At least the MCA reports a 21% drop in public sector fee income. Does a 21% cut sound a lot? Do the maths: 21% lower than 2010 still means more than £600 million a year spent on consultants. And the MCA is confident it is going back up!

3 comments:

  1. Sadly my experience of consultants has been their questionable value. The desire to get public money as if by automatic right was astonishing. When they were told their work was being curtailed it ended in them demanding to speak to my superior. I was never overruled.

    ReplyDelete
  2. Ex-Management Consultant, David Craig, blew the whistle on the ease with which the UK public sector is fleeced in this way in his book, Rip-off. It's depressing reading.

    ReplyDelete
  3. I have been a "consultant" for 17 years after working as an educationalist for 25 years. My aim has always been to hand over everything I have helped my client to do to do themselves without my help.
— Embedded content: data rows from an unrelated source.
text \<open>
  Let a = pi/N and R = 1/(2 cos a). The points v_j = R i e^(i(2j+1)a) point in the directions of
  the sides z_(N,j), so that v_j \<wedge> z_(N,n) = tan a sin(2(n-j)a), and the gauge
  z \<mapsto> \<Sum> |z \<wedge> z_(N,n)| of the region equals tan a cot a = 1 at every v_j.
  On the cone spanned by two consecutive vertices v_j, v_(j+1) no summand changes sign, so the
  gauge is linear there and takes the value s + t at s v_j + t v_(j+1). Since these N cones cover
  the plane, the region is the union of the triangles conv {0, v_j, v_(j+1)}, i.e. the convex hull
  of the v_j. The triangles overlap only along rays through vertices, and each has area
  |v_j \<wedge> v_(j+1)|/2 = tan(a)/4.
\<close>

section \<open>Areas of triangles in the complex plane\<close>

text \<open>Lebesgue measure on \<^typ>\<open>complex\<close> is transported from \<^typ>\<open>real^2\<close>, where
  the library computes areas of triangles (lemma content_triangle).\<close>

definition vec_of_complex :: "complex \<Rightarrow> real^2" where
  "vec_of_complex z = vector [Re z, Im z]"

definition complex_of_vec :: "real^2 \<Rightarrow> complex" where
  "complex_of_vec x = Complex (x$1) (x$2)"

lemma vec_of_complex_nth [simp]: "vec_of_complex z $ 1 = Re z" "vec_of_complex z $ 2 = Im z"
  by (simp_all add: vec_of_complex_def vector_2)

lemma vec_of_complex_of_vec [simp]: "vec_of_complex (complex_of_vec x) = x"
  by (simp add: complex_of_vec_def vec_eq_iff forall_2)

lemma complex_of_vec_of_complex [simp]: "complex_of_vec (vec_of_complex z) = z"
  by (simp add: complex_of_vec_def complex_eq_iff)

lemma linear_vec_of_complex: "linear vec_of_complex"
  by (rule linearI) (simp_all add: vec_eq_iff forall_2)

lemma linear_complex_of_vec: "linear complex_of_vec"
  by (rule linearI) (simp_all add: complex_of_vec_def complex_eq_iff)

lemma vec_of_complex_image_cbox: "vec_of_complex ` cbox u v = cbox (vec_of_complex u) (vec_of_complex v)"
proof (intro equalityI subsetI)
  fix x assume "x \<in> cbox (vec_of_complex u) (vec_of_complex v)"
  then have "complex_of_vec x \<in> cbox u v"
    by (auto simp: in_cbox_complex_iff mem_box_cart forall_2 complex_of_vec_def)
  then show "x \<in> vec_of_complex ` cbox u v"
    by (metis image_eqI vec_of_complex_of_vec)
qed (auto simp: in_cbox_complex_iff mem_box_cart forall_2)

lemma complex_of_vec_image_cbox:
  "complex_of_vec ` cbox u v = cbox (complex_of_vec u) (complex_of_vec v)"
proof (intro equalityI subsetI)
  fix z assume "z \<in> cbox (complex_of_vec u) (complex_of_vec v)"
  then have "vec_of_complex z \<in> cbox u v"
    by (auto simp: in_cbox_complex_iff mem_box_cart forall_2 complex_of_vec_def)
  then show "z \<in> complex_of_vec ` cbox u v"
    by (metis image_eqI complex_of_vec_of_complex)
qed (auto simp: in_cbox_complex_iff mem_box_cart forall_2 complex_of_vec_def)

lemma content_vec_of_complex_image_cbox:
  "Henstock_Kurzweil_Integration.content (vec_of_complex ` cbox u v) =
   Henstock_Kurzweil_Integration.content (cbox u v)"
proof -
  have "cbox (vec_of_complex u) (vec_of_complex v) = {} \<longleftrightarrow> cbox u v = {}"
    by (metis image_is_empty vec_of_complex_image_cbox)
  then show ?thesis
    by (simp add: vec_of_complex_image_cbox content_cbox_if_cart content_cbox_if UNIV_2 Basis_complex_def)
qed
By achieving this normally, I have found that I have never been without work as I have been recommended by so many people. During this time I have come across many other "consultants" with whom I would never voluntarily worked. They are charlatans whose chief aim has been expressed to me (in private as a fellow "consultant") to extract as much money as possible from the client and prolong their contract in order to achieve this. As a result, I have not wanted to present myself as a "consultant" (I just call myself an educationalist) in case anyone would believe that I am like one of them.

    I have been asked by some clients to help them distinguish between people who could genuinely help them and those who are just after their money. There are a few pointers:
    1. Never trust any firm or individual consultant who says that they can resolve all your problems.
    2. Avoid large firms as their delivery quality will never satisfy your needs
    3. Ask yourself if you REALLY need a consultant instead of providing adequate staff development to your own employees.

    Unfortunately, as Ripped Off has shown, my advice is rarely taken.